-------- Data to process

(* Let $G$ be a path graph with $L$ edges rooted at a vertex $O$ that is not an endpoint, and let all edges have activation probability $p\in(0,1]$. Then the value of the stochastic search game is $$\mathrm{val}(p)=\frac{L}{p}+\frac{1}{1-(1-p)^2}-\frac1p.$$ Moreover, the following are optimal strategies: - for the hider, the distribution putting mass $\lambda_i/L$ on the extreme edge of side $i$, where $\lambda_i$ is the number of edges on side $i$ of $O$; - for the searcher, the uniform depth-first strategy.
   Context: Setting: the stochastic search game on $G$. Every edge has length $1$ and is active at each stage independently with probability $p$. The hider chooses an edge and stays there. The searcher starts at $O$; at each stage, knowing which edges are currently active, she waits or traverses an active edge incident to her position. The hider's payoff is the expected first time the searcher traverses his edge. Uniform depth-first strategy, with edges oriented away from $O$: at the current vertex, - if some untraversed outgoing edge is active, take one chosen uniformly among the active untraversed outgoing edges; - if all untraversed outgoing edges are inactive, wait; - once all outgoing edges have been traversed, go back toward $O$ when that edge is active, and wait otherwise. *)

theory Defs
  imports "HOL-Probability.Probability"
begin

text \<open>
The path has a edges on side 1 and b edges on side 2 (a, b \<ge> 1, L = a + b).
Vertices are the integers -b..a, the root O is the vertex 0.
The edge with label e joins the vertices e and e+1; the edge set is {-b ..< a}.
Every edge has length 1; at each stage each edge is active independently with
probability p.
\<close>

definition path_edges :: "nat \<Rightarrow> nat \<Rightarrow> int set" where
  "path_edges a b = {- int b ..< int a}"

----------------

- [What the task requires]:
Search the data for "side" and list every line in which it occurs.

- [Response to this task]:
(* Let $G$ be a path graph with $L$ edges rooted at a vertex $O$ that is not an endpoint, and let all edges have activation probability $p\in(0,1]$. Then the value of the stochastic search game is $$\mathrm{val}(p)=\frac{L}{p}+\frac{1}{1-(1-p)^2}-\frac1p.$$ Moreover, the following are optimal strategies: - for the hider, the distribution putting mass $\lambda_i/L$ on the extreme edge of side $i$, where $\lambda_i$ is the number of edges on side $i$ of $O$; - for the searcher, the uniform depth-first strategy.
The path has a edges on side 1 and b edges on side 2 (a, b \<ge> 1, L = a + b).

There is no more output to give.